Centenas de adolescentes usados como escudo humano por jihadistas em fuga de prisão síria

25 jan, 11:27
Estado Islâmico

Mais de 700 jovens que estavam detidos na prisão de Ghwayran que militantes do autoproclamado Estado Islâmico atacaram. Milhares de jihadistas estavam ali detidos e são agora acusados de usar os rapazes como escudo humano

Terroristas do autoproclamado Estado Islâmico atacaram uma prisão síria onde estão detidos milhares de jihadistas, na passada sexta-feira. Na tentativa de fuga da prisão, os jihadistas ali detidos utilizaram centenas de adolescentes, também eles detidos, como escudo humano.

De acordo com as Forças Democráticas Sírias, lideradas pelo exército curdo, mais de 700 rapazes, alguns deles com 12 anos apenas, foram usados como escudo no cerco à prisão de Ghwayran, em Hasakah, no norte da Síria, quando os prisioneiros do Estado Islâmico se esconderam num dormitório para evitar o ataque das forças curdas. A mesma fonte avança que há vários adolescentes feridos ou mortos. 

Segundo o The Guardian, a organização Save the Children, que apoiou os prisioneiros nos últimos três anos, pediu esforços renovados para repatriar os rapazes, muitos dos quais são de fora da Síria e foram detidos durante a ascensão e queda do chamado califado como crianças dos membros do Estado Islâmico.

“O que estamos a ouvir da prisão de Ghwayran é realmente perturbador. Os relatos de que crianças foram mortas ou feridas são trágicos e escandalosos. A responsabilidade por qualquer coisa que aconteça a estas crianças recai nas mãos dos governos internacionais que pensaram que podiam simplesmente abandonar as suas crianças na Síria. O risco de morte ou ferimento está diretamente ligado com a recusa desses governos em levar as crianças para casa. Todas as crianças estrangeiras devem ser repatriadas - com as suas famílias - sem mais demoras. A comunidade internacional não pode ter o sangue de nenhuma dessas crianças nas mãos”, afirmou a diretora da organização Save the Children na Síria, Sonia Khush.

Segundo o Observatório Sírio dos Direitos Humanos, vários presos terão conseguido escapar.

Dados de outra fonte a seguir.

lemma algebraic_in_tilde:
  fixes r :: 'a
  assumes "algebraic r"
  shows "r \<in> tilde"
proof -
  obtain g where g_Ints: "\<And>i. coeff g i \<in> \<int>" and "g \<noteq> 0" and "poly g r = 0"
    using assms unfolding algebraic_def by blast
  obtain \<delta> where "\<delta> > 0" and isolated: "\<And>x. poly g x = 0 \<Longrightarrow> av (x - r) < \<delta> \<Longrightarrow> x = r"
    using poly_root_isolated[OF \<open>g \<noteq> 0\<close>] by blast
  obtain c k z where r_eq: "r = of_rat c + of_nat p ^ k * z" and s: "av (of_nat p ^ k :: 'a) < \<delta>"
    and "av z \<le> 1"
    using \<open>\<delta> > 0\<close> by (rule rat_plus_small_multiple)
  define s :: 'a where "s = of_nat p ^ k"
  obtain y where y: "y * y = y + of_nat p * (z * z)"
    using av_le_1_iff_ex_sq_eq \<open>av z \<le> 1\<close> by blast
  obtain u v where "quotient_of c = (u, v)"
    by fastforce
  then have "v > 0" "c = of_int u / of_int v"
    by (simp_all add: quotient_of_denom_pos quotient_of_div)
  then have c_eq: "of_rat c * of_int v = (of_int u :: 'a)"
    by (simp add: of_rat_divide)
  define Z where "Z = {of_int u, of_int v, s, of_nat p} \<union> set (coeffs g)"
  have "finite Z" "Z \<subseteq> \<int>"
    using g_Ints by (auto simp: Z_def s_def coeffs_def)
  then obtain M where M: "Z \<subseteq> of_int ` {-M..M}"
    by (rule finite_Ints_subset_of_int_interval)
  define A where
    "A = {r, of_rat c, z, s * z, y, y * y, z * z, of_nat p * (z * z)} \<union> of_int ` {-M..M} \<union>
       horner_set (coeffs g) r"
  have "f r = r" if f: "partial_hom_on A f" for f
  proof -
    have f_Z: "f x = x" if "x \<in> Z" for x
      using partial_hom_on_of_int[OF f] M that by (force simp: A_def)
    have f_c: "f (of_rat c) = of_rat c"
      by (rule partial_hom_on_fixes_factor[OF f, of _ "of_int v"])
        (use c_eq \<open>v > 0\<close> f_Z M in \<open>auto simp: A_def Z_def\<close>)
    have "f r = of_rat c + s * f z"
      using partial_hom_on_add[OF f, of "of_rat c" "s * z"] partial_hom_on_mult[OF f, of s z]
        f_c f_Z M r_eq by (auto simp: A_def Z_def s_def)
    then have "f r - r = s * (f z - z)"
      using r_eq by (simp add: s_def algebra_simps)
    moreover have "av (f z) \<le> 1"
      by (rule av_le_1_if_partial_hom_on[OF f y]) (use f_Z M in \<open>auto simp: A_def Z_def\<close>)
    then have "av (f z - z) \<le> 1"
      using \<open>av z \<le> 1\<close> by (rule av_diff_le)
    ultimately have "av (f r - r) \<le> av s"
      using av_nonneg[of s] by (simp add: av_mult mult_left_le)
    then have "av (f r - r) < \<delta>"
      using s by (simp add: s_def)
    moreover have "poly g (f r) = 0"
      by (rule partial_hom_on_poly_root[OF f])
        (use f_Z \<open>poly g r = 0\<close> in \<open>auto simp: A_def Z_def\<close>)
    ultimately show "f r = r"
      using isolated by blast
  qed
  moreover have "finite A" "r \<in> A"
    by (simp_all add: A_def finite_horner_set)
  ultimately show ?thesis
    unfolding tilde_iff_partial_hom_on by blast
qed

Muitos dos adolescentes detidos teriam sido convocados para as fileiras dos chamados “Filhos do Califado”, um exército infantil usado pelos líderes do Estado Islâmico como "carne para canhão" ou como terroristas que poderiam se infiltrar mais facilmente nas áreas civis. 

A prisão onde aconteceu o ataque é uma das maiores prisões onde estão militantes do grupo terrorista, mais de 12.000, de 50 nacionalidades, havendo muitos franceses e tunisinos, de acordo com as autoridades curdas. 

O ataque causou ainda 18 vítimas mortais entre os militares curdos e guardas prisionais e cerca de 40 mortos entre os jihadistas, a maioria na sequência dos confrontos que se seguiram dentro da prisão.

O Observatório Sírio diz que este ataque é o maior desde que foi anunciado o fim do califado, em março de 2019.